Accordingly, Charles made a very quiet and dignified entrance,[1] having paused at the gates to listen to the fair words of Master Mathys de Groothuse as he extolled the virtues of the late Count of Flanders, and requested God to receive the present one, when he, too, was forced to leave earth, as graciously as Ghent was receiving him that day. All passed well; oaths of fealty were duly taken and given at the church of St. John the Baptist. Charles himself pulled the bell rope according to the ancient Flemish custom, and the Count of Flanders was in possession. This all took place in the morning of June 28th. At the close of the ceremonies Charles withdrew to his hotel and the magistrates to their dwellings.

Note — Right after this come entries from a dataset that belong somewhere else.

text \<open>Middle region (x+d, -1): here |x-z| \<ge> d and 0 \<le> \<phi> z - \<phi> x \<le> (-z)^-\<beta>.\<close>
lemma middle_part:
  shows "set_integrable lborel {x+d<..<-1} f"
    "\<bar>LINT z:{x+d<..<-1}|lborel. f z\<bar> \<le> d powr (-(1+2*\<alpha>)) * ((d powr (1-\<beta>) - 1) / (1-\<beta>))"
proof -
  let ?g = "\<lambda>z. d powr (-(1+2*\<alpha>)) * (-z) powr (-\<beta>)"
  have "1 < d" using d_ge by simp
  note T = powr_integral_near_left[of "-\<beta>" 1 d 0, OF _ _ this]
  have xd: "x + d = 0 - d" using x_eq R_eq by simp
  have gi: "set_integrable lborel {x+d<..<-1} ?g"
    unfolding xd using T(1) beta_upper by simp
  have gv: "(LINT z:{x+d<..<-1}|lborel. ?g z) = d powr (-(1+2*\<alpha>)) * ((d powr (1-\<beta>) - 1) / (1-\<beta>))"
    unfolding xd using T(2) beta_upper by simp
  have bound: "\<bar>f z\<bar> \<le> ?g z" if z: "z \<in> {x+d<..<-1}" for z
  proof -
    have z1: "z < -1" "-z < R" "d < z - x" using z d_ge x_eq R_eq by auto
    have le: "R powr (-\<beta>) \<le> (-z) powr (-\<beta>)"
      using z1 R_ge beta_pos by (intro powr_mono2') auto
    have dp: "d powr (1 + 2*\<alpha>) \<le> (z - x) powr (1 + 2*\<alpha>)"
      using z1 d_ge alpha_lower by (intro powr_mono2) auto
    have "\<bar>f z\<bar> = ((-z) powr (-\<beta>) - R powr (-\<beta>)) / (z - x) powr (1 + 2*\<alpha>)"
      unfolding f_def phi_left[OF z1(1)] phi_x using le z1 d_ge by (simp add: abs_minus_commute)
    also have "\<dots> \<le> (-z) powr (-\<beta>) / (z - x) powr (1 + 2*\<alpha>)"
      using z1 by (intro divide_right_mono) auto
    also have "\<dots> \<le> (-z) powr (-\<beta>) / d powr (1 + 2*\<alpha>)"
      using dp z1 d_ge by (intro divide_left_mono) (auto intro!: mult_pos_pos)
    also have "\<dots> = ?g z" by (simp only: powr_minus divide_inverse mult.commute)
    finally show ?thesis .
  qed
  show "set_integrable lborel {x+d<..<-1} f"
    "\<bar>LINT z:{x+d<..<-1}|lborel. f z\<bar> \<le> d powr (-(1+2*\<alpha>)) * ((d powr (1-\<beta>) - 1) / (1-\<beta>))"
    using set_integral_dominated[OF gi f_measurable _ bound] gv by auto
qed

text \<open>Right region (-1, \<infinity>): \<phi> = 1 there, so the integral is computed exactly.\<close>
lemma right_part:
  shows "set_integrable lborel {-1<..} f"
    "(LINT z:{-1<..}|lborel. f z) = (R powr (-\<beta>) - 1) * ((R-1) powr (-(2*\<alpha>)) / (2*\<alpha>))"
proof -
  have "0 < 2*\<alpha>" "0 < R - 1" using alpha_lower R_ge by simp_all
  note kernel = powr_integral_right_tail[OF this, of x]
  have xr: "x + (R - 1) = -1" using x_eq by simp
  have eq: "f z = (R powr (-\<beta>) - 1) * (z - x) powr (-(1+2*\<alpha>))" if "z \<in> {-1<..}" for z
  proof -
    have "\<not> z < -1" "\<bar>x - z\<bar> = z - x" using that x_far by auto
    then have "f z = (R powr (-\<beta>) - 1) / (z-x) powr (1+2*\<alpha>)"
      unfolding f_def phi_x by (simp add: phi)
    then show ?thesis by (simp only: powr_minus divide_inverse)
  qed
  have gi: "set_integrable lborel {-1<..} (\<lambda>z. (R powr (-\<beta>) - 1) * (z - x) powr (-(1+2*\<alpha>)))"
    using kernel(1) unfolding xr by simp
  show "set_integrable lborel {-1<..} f"
    using gi by (rule set_integrable_cong[THEN iffD1, rotated -1]) (auto simp: eq)
  have "(LINT z:{-1<..}|lborel. f z)
      = (LINT z:{-1<..}|lborel. (R powr (-\<beta>) - 1) * (z - x) powr (-(1+2*\<alpha>)))"
    by (rule set_lebesgue_integral_cong) (auto simp: eq)
  also have "\<dots> = (R powr (-\<beta>) - 1) * ((R-1) powr (-(2*\<alpha>)) / (2*\<alpha>))"
    using kernel(2) unfolding xr by simp
  finally show "(LINT z:{-1<..}|lborel. f z) = (R powr (-\<beta>) - 1) * ((R-1) powr (-(2*\<alpha>)) / (2*\<alpha>))" .
qed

The devotees of St. Lievin prolonged their holiday until Monday afternoon. It was five o’clock[2] when the revellers returned to Ghent. Many of the saint’s followers were, by that time, more or less under the influence of the contents of the casks which had formed part of the outward-bound burden. The protracted holiday-making had its natural sequence. There was, however, too much method in the next proceedings for it to be attributed wholly to emotional inebriety.
The procession passed through the city gate and entered a narrow street near the corn market, where stood a little house used as headquarters for the collection of the cueillotte, a tax on every article brought into the city for sale, and one particularly obnoxious to the people. Suddenly a cry was raised and echoed from rank to rank of St. Lievin’s escort, “Down with the cueillotte.”
Then with the ingenious humour of a Celtic crowd, quick to take a fantastic advantage of a situation, a second cry was heard: “St. Lievin must go through the house. Lievin is a saint who never turns aside from his route.”
Delightful thought, followed by speedy action. Axes were produced and wielded to good effect.
Down came the miniature customs-house in a flash. Little pieces of the ruin were elevated on sticks and carried by some of the rabble as standards with the cry “I have it—I have it.” As they marched the procession was constantly augmented and the cries become more decidedly revolutionary: “Kill, kill these craven spoilers of God and of the world.[2] Where are they? Let us seek them out and slay them in their houses, those who have flourished at our pitiable expense.”
This was rank rebellion. Even under cover of St. Lievin’s mantle, resistance to regularly instituted customs could hardly be described by any other name. Excited by their own temerity, the crowd now surged on to the great market-place in front of the Hotel de Ville, where the Friday market is held, instead of returning the saint promptly to his safe abiding-place as was meet.
There the lawless deeds—lawless to the duke’s mind certainly—became more audacious. Counterparts of the very banners whose prohibition had been part of the sentence in 1453 were unfurled,[4] and their possession alone proved insurrectionary premeditation on the part of the gild leaders. Ghent was in open revolt, and the young duke in their midst felt it was an open insult to him as sovereign count.